*What to work on*
Filter the data for lines with the word "Vstat", then copy every line so identified.

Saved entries
lemma stopping_distance_eq_min_stopping_set_size:
  assumes "has_width H N" "min_stopping_set_size H N d"
  shows "stopping_distance H = d"
proof -
  have ncols: "ncols H = N"
    using assms(1) by (cases H) (auto simp: has_width_def ncols_def)
  have weight_one: "has_weight_one_row H S \<longleftrightarrow> (\<exists>x \<in> set H. row_weight x S = 1)" for S
    by (simp add: has_weight_one_row_def row_weight_def)
  obtain T where T: "stopping_set H N T" "card T = d"
    using assms(2) min_stopping_set_size_def by blast
  then have "0 < d"
    by (metis card_gt_0_iff finite_lessThan finite_subset stopping_set_def)
  show ?thesis
    unfolding stopping_distance_def
  proof (rule Greatest_equality)
    show "\<forall>S. S \<subseteq> {..<ncols H} \<and> S \<noteq> {} \<and> card S \<le> d - 1 \<longrightarrow> has_weight_one_row H S"
    proof (intro allI impI)
      fix S
      assume S: "S \<subseteq> {..<ncols H} \<and> S \<noteq> {} \<and> card S \<le> d - 1"
      then have "\<not> stopping_set H N S"
        using assms(2) \<open>0 < d\<close> by (auto simp: min_stopping_set_size_def)
      then show "has_weight_one_row H S"
        using S by (simp add: stopping_set_def weight_one ncols)
    qed
  next
    fix e
    assume "\<forall>S. S \<subseteq> {..<ncols H} \<and> S \<noteq> {} \<and> card S \<le> e - 1 \<longrightarrow> has_weight_one_row H S"
    then have "\<not> (T \<subseteq> {..<ncols H} \<and> T \<noteq> {} \<and> card T \<le> e - 1)"
      using T(1) by (auto simp: stopping_set_def weight_one)
    then show "e \<le> d"
      using T by (auto simp: ncols stopping_set_def)
  qed
qed
(* Let $n\le 3$. For the house allocation setting with $n$ agents and $n$ houses described in the context, an assignment rule $f$ is support efficient if and only if it is ex post efficient.
   Context: Let $N$ be a set of $n$ agents and $H$ a set of $n$ houses. A preference profile $R$ assigns to each agent $i\in N$ a strict linear order $\succ_i$ over $H$; $\mathcal{R}$ denotes the set of all such profiles. A random assignment is a bistochastic $n\times n$ matrix $(M_{i,h})_{i\in N,h\in H}$ (nonnegative entries, all row and column sums equal to $1$); it is a deterministic assignment if all entries are in $\{0,1\}$. An assignment rule $f$ maps each $R\in\mathcal{R}$ to a random assignment $f(R)$; $f(R,i,h)$ is the probability that agent $i$ receives house $h$. A deterministic assignment $M$ is (Pareto) efficient at $R$ if there is no deterministic assignment $M'\ne M$ such that for all $i\in N$ and $h\neq h'$, $M'_{i,h'}=M_{i,h}=1$ implies $h'\succ_i h$. A rule $f$ is ex post efficient if for every $R$, $f(R)$ is a convex combination of deterministic assignments that are efficient at $R$. For a priority order $\pi$ of the agents, the serial dictatorship $SD_\pi$ lets agents in order $\pi$ successively pick their most preferred remaining house; random serial dictatorship is $RSD(R)=\frac{1}{n!}\sum_{\pi}SD_\pi(R)$, the sum over all $n!$ orders. A rule $f$ is support efficient if for all $R$, $i$, $h$: $RSD(R,i,h)=0$ implies $f(R,i,h)=0$. *)

theory Defs
  imports Complex_Main "HOL-Combinatorics.Multiset_Permutations"
begin

text \<open>A preference of an agent is a
relation r on houses, (h, h') \<in> r meaning "h is strictly preferred to h'".\<close>

definition strict_pref :: "nat \<Rightarrow> (nat \<times> nat) set \<Rightarrow> bool" where
  "strict_pref n r \<longleftrightarrow> r \<subseteq> {..<n} \<times> {..<n} \<and> strict_linear_order_on {..<n} r"

definition profiles :: "nat \<Rightarrow> (nat \<Rightarrow> (nat \<times> nat) set) set" where
  "profiles n = {R. \<forall>i<n. strict_pref n (R i)}"
(* Let $n\ge 2$ be an integer. For $i=1,2$ let $X_{i1},\dots,X_{in}$ be a random sample from the density $\frac{1}{\sigma}e^{-(x-\mu_i)/\sigma}$, $x\ge\mu_i$, the two samples independent, $\underline{\theta}=(\mu_1,\mu_2,\sigma)\in\mathbb{R}^2\times(0,\infty)$. Let $X_i=\min_jX_{ij}$, $S=\sum_{i=1}^2\sum_{j=1}^n(X_{ij}-X_i)$, $Z_1=\min\{X_1,X_2\}$, $Z_2=\max\{X_1,X_2\}$, $W=\frac{Z_2-Z_1}{S}$, $V=\frac{S}{\sigma}$, $\mu_M=\mu_1I(X_1\ge X_2)+\mu_2I(X_1<X_2)$, $U'=\frac{Z_1-\mu_M}{\sigma}$, and $\mu=n(\max\{\mu_1,\mu_2\}-\min\{\mu_1,\mu_2\})/\sigma$. Let $f_{1,\underline{\theta}}$ denote the probability density function of $W$. Then for each fixed $w\in(0,\infty)$, the conditional density of $(U',V)$ given $W=w$ is $$f_{3,\underline{\theta}}(u,v\mid w)=\begin{cases}\dfrac{n^2}{\Gamma(2(n-1))f_{1,\underline{\theta}}(w)}v^{2n-2}e^{-v(1+nw)}e^{-2nu}e^{-\mu}, & \text{if } -\tfrac{\mu}{n}<u<0,\ -\tfrac{u}{w}<v<\infty,\ \text{or } 0<u<\tfrac{\mu}{n},\ 0<v<\infty,\\[2mm] \dfrac{n^2}{\Gamma(2(n-1))f_{1,\underline{\theta}}(w)}v^{2n-2}e^{-v(1+nw)}e^{-2nu}\left(e^{-\mu}+e^{\mu}\right), & \text{if } \tfrac{\mu}{n}<u<\infty,\ 0<v<\infty,\end{cases}$$ and $0$ otherwise.
   Context: $I(A)$ is the indicator of $A$; $\Gamma$ is the gamma function. *)

theory Defs
  imports "HOL-Probability.Probability" "HOL-Analysis.Analysis"
begin

definition shexp_density :: "real \<Rightarrow> real \<Rightarrow> real \<Rightarrow> real" where
  "shexp_density m s x = (if x \<ge> m then exp (-(x - m) / s) / s else 0)"

definition Xmin :: "(nat \<Rightarrow> nat \<Rightarrow> 'a \<Rightarrow> real) \<Rightarrow> nat \<Rightarrow> nat \<Rightarrow> 'a \<Rightarrow> real" where
  "Xmin X n i \<omega> = Min ((\<lambda>j. X i j \<omega>) ` {1..n})"

definition Sstat :: "(nat \<Rightarrow> nat \<Rightarrow> 'a \<Rightarrow> real) \<Rightarrow> nat \<Rightarrow> 'a \<Rightarrow> real" where
  "Sstat X n \<omega> = (\<Sum>i\<in>{1,2}. \<Sum>j=1..n. (X i j \<omega> - Xmin X n i \<omega>))"

definition Z1 :: "(nat \<Rightarrow> nat \<Rightarrow> 'a \<Rightarrow> real) \<Rightarrow> nat \<Rightarrow> 'a \<Rightarrow> real" where
  "Z1 X n \<omega> = min (Xmin X n 1 \<omega>) (Xmin X n 2 \<omega>)"

definition Z2 :: "(nat \<Rightarrow> nat \<Rightarrow> 'a \<Rightarrow> real) \<Rightarrow> nat \<Rightarrow> 'a \<Rightarrow> real" where
  "Z2 X n \<omega> = max (Xmin X n 1 \<omega>) (Xmin X n 2 \<omega>)"

definition Wstat :: "(nat \<Rightarrow> nat \<Rightarrow> 'a \<Rightarrow> real) \<Rightarrow> nat \<Rightarrow> 'a \<Rightarrow> real" where
  "Wstat X n \<omega> = (Z2 X n \<omega> - Z1 X n \<omega>) / Sstat X n \<omega>"

definition Vstat :: "(nat \<Rightarrow> nat \<Rightarrow> 'a \<Rightarrow> real) \<Rightarrow> nat \<Rightarrow> real \<Rightarrow> 'a \<Rightarrow> real" where
  "Vstat X n \<sigma> \<omega> = Sstat X n \<omega> / \<sigma>"

definition muM :: "(nat \<Rightarrow> nat \<Rightarrow> 'a \<Rightarrow> real) \<Rightarrow> nat \<Rightarrow> real \<Rightarrow> real \<Rightarrow> 'a \<Rightarrow> real" where
  "muM X n \<mu>1 \<mu>2 \<omega> =
     \<mu>1 * (if Xmin X n 1 \<omega> \<ge> Xmin X n 2 \<omega> then 1 else 0)
   + \<mu>2 * (if Xmin X n 1 \<omega> < Xmin X n 2 \<omega> then 1 else 0)"

definition Uprime :: "(nat \<Rightarrow> nat \<Rightarrow> 'a \<Rightarrow> real) \<Rightarrow> nat \<Rightarrow> real \<Rightarrow> real \<Rightarrow> real \<Rightarrow> 'a \<Rightarrow> real" where
  "Uprime X n \<mu>1 \<mu>2 \<sigma> \<omega> = (Z1 X n \<omega> - muM X n \<mu>1 \<mu>2 \<omega>) / \<sigma>"

definition mu_par :: "nat \<Rightarrow> real \<Rightarrow> real \<Rightarrow> real \<Rightarrow> real" where
  "mu_par n \<mu>1 \<mu>2 \<sigma> = real n * (max \<mu>1 \<mu>2 - min \<mu>1 \<mu>2) / \<sigma>"

text \<open>The claimed conditional density f_3(u,v | w) of (U',V) given W = w,
  where f1w is the value f_1(w) of the density of W; 0 outside w > 0.\<close>
definition cond_dens3 :: "nat \<Rightarrow> real \<Rightarrow> real \<Rightarrow> real \<Rightarrow> real \<Rightarrow> real \<Rightarrow> real" where
  "cond_dens3 n \<mu> f1w u v w =
    (let c = real n ^ 2 / (Gamma (2 * (real n - 1)) * f1w)
             * v ^ (2*n - 2) * exp (- v * (1 + real n * w)) * exp (- 2 * real n * u)
     in if w > 0 \<and> ((- \<mu> / real n < u \<and> u < 0 \<and> - u / w < v) \<or> (0 < u \<and> u < \<mu> / real n \<and> 0 < v))
        then c * exp (- \<mu>)
        else if w > 0 \<and> \<mu> / real n < u \<and> 0 < v
        then c * (exp (- \<mu>) + exp \<mu>)
        else 0)"

end

theory Submission
  imports Defs
begin

text \<open>For a sample of size \<open>k\<close> from the shifted exponential law with scale \<open>\<sigma>\<close>, the minimum and
  the spread \<open>\<Sum>j (x\<^sub>j - min x)\<close> are independent, the minimum being shifted exponential with scale
  \<open>\<sigma> / k\<close> and the spread \<open>\<Gamma>(k - 1, \<sigma>)\<close>-distributed; this follows by induction on \<open>k\<close>, splitting
  according to whether a new observation falls above or below the current minimum. Hence
  \<open>(X\<^sub>1, X\<^sub>2, S)\<close> has an explicit product density. Splitting according to which sample has the
  smaller minimum and changing variables to \<open>(U', V, W)\<close> turns it into a sum of two branch
  densities which, off a null set, is \<open>f\<^sub>3(u, v | w) f\<^sub>1(w)\<close> with the factor \<open>f\<^sub>1(w)\<close> cancelled.
  The conditional form follows because the joint density vanishes almost everywhere where
  \<open>f\<^sub>1(w) = 0\<close>.\<close>

lemma pred_real_atLeast [measurable (raw)]:
  "f \<in> borel_measurable M \<Longrightarrow> g \<in> borel_measurable M \<Longrightarrow> Measurable.pred M (\<lambda>x. (f x :: real) \<in> {g x..})"
  by (simp add: atLeast_iff) measurable

lemma pred_real_lessThan [measurable (raw)]:
  "f \<in> borel_measurable M \<Longrightarrow> g \<in> borel_measurable M \<Longrightarrow> Measurable.pred M (\<lambda>x. (f x :: real) \<in> {..<g x})"
  by (simp add: lessThan_iff) measurable

lemma nn_integral_lborel_affine2:
  assumes "\<sigma> > 0" and [measurable]: "case_prod f \<in> borel_measurable (borel \<Otimes>\<^sub>M borel)"
  shows "(\<integral>\<^sup>+a. \<integral>\<^sup>+t. f a t \<partial>lborel \<partial>lborel) = (\<integral>\<^sup>+u. \<integral>\<^sup>+v. ennreal (\<sigma> * \<sigma>) * f (\<mu> + \<sigma> * u) (\<sigma> * v) \<partial>lborel \<partial>lborel)"
proof -
  have "(\<integral>\<^sup>+a. \<integral>\<^sup>+t. f a t \<partial>lborel \<partial>lborel) = (\<integral>\<^sup>+a. ennreal \<sigma> * (\<integral>\<^sup>+v. f a (\<sigma> * v) \<partial>lborel) \<partial>lborel)"
    using assms(1) nn_integral_real_affine[of "f a" \<sigma> 0 for a] by (intro nn_integral_cong) simp
  also have "\<dots> = ennreal \<sigma> * (\<integral>\<^sup>+u. ennreal \<sigma> * (\<integral>\<^sup>+v. f (\<mu> + \<sigma> * u) (\<sigma> * v) \<partial>lborel) \<partial>lborel)"
    using assms(1) nn_integral_real_affine[of "\<lambda>a. ennreal \<sigma> * (\<integral>\<^sup>+v. f a (\<sigma> * v) \<partial>lborel)" \<sigma> \<mu>] by simp
  also have "\<dots> = (\<integral>\<^sup>+u. \<integral>\<^sup>+v. ennreal (\<sigma> * \<sigma>) * f (\<mu> + \<sigma> * u) (\<sigma> * v) \<partial>lborel \<partial>lborel)"
    using assms(1) by (simp add: nn_integral_cmult ennreal_mult mult.assoc)
  finally show ?thesis .
qed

*Task answer*
definition Vstat :: "(nat \<Rightarrow> nat \<Rightarrow> 'a \<Rightarrow> real) \<Rightarrow> nat \<Rightarrow> real \<Rightarrow> 'a \<Rightarrow> real" where
  "Vstat X n \<sigma> \<omega> = Sstat X n \<omega> / \<sigma>"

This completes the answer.